Утром после хлеба-сыра-спиртного, подкреплённых
даровым гостеприимством, которое может продолжаться, пока погода не
успокоится, мы выходим. В то утро солнце и горы были великолепны; ветер
утих, дорога всё время вниз через препятствия, с прыжками, километровыми
спусками, которые приводят вас в Аироло, по другую сторону туннеля, где
дорога вновь принимает характерный альпийский вид с бесконечными
поворотами, ущельями, но всё время вниз. Это Тессен».
В порту Генуи, защищённом гигантскими волнорезами,
Рембо раздобыл себе место на корабле, который направлялся в Александрию.
Он прибыл туда дней через десять и сразу же начал подыскивать работу.

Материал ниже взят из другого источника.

(* Let $\mathcal{D}$ be a generalised dyadic system, and let $\mu,\nu$ be Radon measures on $\mathbb{R}$ with $\mu$ finite and $\nu$ dyadically doubling relative to $\mathcal{D}$. Let $\mu_a$ be the absolutely continuous part of $\mu$ with respect to $\nu$. Then the square function $$\mathcal{S}^2_{\mathcal{D},\nu}(\mu)(x) := \sum_{I\in\mathcal{D}}\alpha^2_{\mu,\nu}(I)\chi_I(x)$$ is finite for $\mu_a$-almost every $x\in\mathbb{R}$.
   Context: A generalised dyadic system is a family $\mathcal{D}=\bigcup_{k\ge0}\mathcal{D}_k$ of half-open intervals such that each $\mathcal{D}_k$ is a partition of $\mathbb{R}$ into intervals of length $2^{-k}$, and each $I\in\mathcal{D}_k$ is the union of two intervals of $\mathcal{D}_{k+1}$ (its children). $\nu$ is dyadically doubling relative to $\mathcal{D}$ if there is $C$ with $\nu(\hat I)\le C\nu(I)$ for every $I\in\mathcal{D}_k$, $k\ge1$, where $\hat I$ is the interval of $\mathcal{D}_{k-1}$ containing $I$. Wasserstein distance: $\mathbb{W}_1(\nu_1,\nu_2) := \sup_\psi |\int\psi\,d\nu_1 - \int\psi\,d\nu_2|$ over all $1$-Lipschitz $\psi\colon\mathbb{R}\to\mathbb{R}$ supported on $[0,1]$. For an interval $I$, $T_I$ is the increasing affine map taking $\overline I$ onto $[0,1]$, $\mu_I := T_{I\sharp}(\mu|_I)/\mu(I)$, $\nu_I := T_{I\sharp}(\nu|_I)/\nu(I)$ (zero if the mass vanishes), $\alpha_{\mu,\nu}(I) := \mathbb{W}_1(\mu_I,\nu_I)$. *)

theory Defs
  imports "HOL-Probability.Probability"
begin

definition dyadic_system :: "(nat \<Rightarrow> real set set) \<Rightarrow> bool" where
  "dyadic_system D \<longleftrightarrow>
     (\<forall>k. (\<forall>I\<in>D k. \<exists>a. I = {a..<a + (1/2)^k}) \<and> (\<forall>x. \<exists>!I. I \<in> D k \<and> x \<in> I)) \<and>
     (\<forall>k. \<forall>I\<in>D k. \<exists>J1 J2. J1 \<in> D (Suc k) \<and> J2 \<in> D (Suc k) \<and> J1 \<noteq> J2 \<and> I = J1 \<union> J2)"

definition radon_measure :: "real measure \<Rightarrow> bool" where
  "radon_measure M \<longleftrightarrow> sets M = sets borel \<and> (\<forall>K. compact K \<longrightarrow> emeasure M K < \<infinity>)"

definition dyadically_doubling :: "(nat \<Rightarrow> real set set) \<Rightarrow> real measure \<Rightarrow> bool" where
  "dyadically_doubling D nu \<longleftrightarrow>
     (\<exists>C::real. \<forall>k. \<forall>I\<in>D (Suc k). \<forall>J\<in>D k. I \<subseteq> J \<longrightarrow>
        emeasure nu J \<le> ennreal C * emeasure nu I)"

definition T_map :: "real set \<Rightarrow> real \<Rightarrow> real" where
  "T_map I x = (x - Inf I) / (Sup I - Inf I)"

definition normalized_measure :: "real measure \<Rightarrow> real set \<Rightarrow> real measure" where
  "normalized_measure mu I =
     (if emeasure mu I = 0 then null_measure borel
      else scale_measure (inverse (emeasure mu I))
             (distr (density mu (indicator I)) borel (T_map I)))"

definition wasserstein1 :: "real measure \<Rightarrow> real measure \<Rightarrow> real" where
  "wasserstein1 m1 m2 = Sup {\<bar>(\<integral>x. \<psi> x \<partial>m1) - (\<integral>x. \<psi> x \<partial>m2)\<bar> | \<psi>.
      1-lipschitz_on UNIV \<psi> \<and> (\<forall>x. x \<notin> {0..1} \<longrightarrow> \<psi> x = 0)}"

definition alpha :: "real measure \<Rightarrow> real measure \<Rightarrow> real set \<Rightarrow> real" where
  "alpha mu nu I = wasserstein1 (normalized_measure mu I) (normalized_measure nu I)"

definition square_function ::
  "(nat \<Rightarrow> real set set) \<Rightarrow> real measure \<Rightarrow> real measure \<Rightarrow> real \<Rightarrow> ennreal" where
  "square_function D mu nu x =
     (\<Sum>\<^sub>\<infinity>I\<in>(\<Union>k. D k). ennreal ((alpha mu nu I)^2 * indicator I x))"

definition lebesgue_decomposition ::
  "real measure \<Rightarrow> real measure \<Rightarrow> real measure \<Rightarrow> real measure \<Rightarrow> bool" where
  "lebesgue_decomposition nu mu ma ms \<longleftrightarrow>
     sets ma = sets borel \<and> sets ms = sets borel \<and>
     absolutely_continuous nu ma \<and>
     (\<exists>N\<in>sets borel. emeasure nu N = 0 \<and> emeasure ms (UNIV - N) = 0) \<and>
     (\<forall>A\<in>sets borel. emeasure mu A = emeasure ma A + emeasure ms A)"

end

theory Submission
  imports Defs
begin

Довольно быстро представились разные возможности: работа в одной крупной
сельскохозяйственной компании, служба на англо-египетской таможне «с
хорошим содержанием» или
переводчиком на Кипре при строительной бригаде французского предприятия
«Эрнест Жан и Тиаль-сын», которое занималось прокладкой железных дорог,
строительством фортов, казарм, госпиталей, портовых сооружений, рытьем
каналов.
Он решил отправиться на Кипр.
Четвертого июня того же 1878 года, по Сан-Стефанскому
договору и согласно решениям Берлинского конгресса, Турция за солидную
ежегодную арендную плату передавала управление островом Англии. В
соответствии с заключёнными между ними соглашениями, позволявшими
англичанам развернуть там батальон, они получили превосходный пост
слежения посредине морского пути от Дарданелл до Суэцкого залива.
Когда Рембо высадился в порту Ларнаки, второго по
величине после Никосии города на острове, администрация компании «Эрнест
Жан и Тиаль-сын» определила ему обязанности, к которым он не был готов:
надзирать над шестью десятками рабочих каменоломни. Карьер находился на
восточном побережье острова, в совершенно пустынном месте под названием
Патамос Лиопетриу, в часе ходьбы до ближайшей деревни Ксилофагу. О том,
что когда-то там обитали люди, свидетельствовали только развалины
сторожевой башни, построенной во времена оккупации острова венецианцами.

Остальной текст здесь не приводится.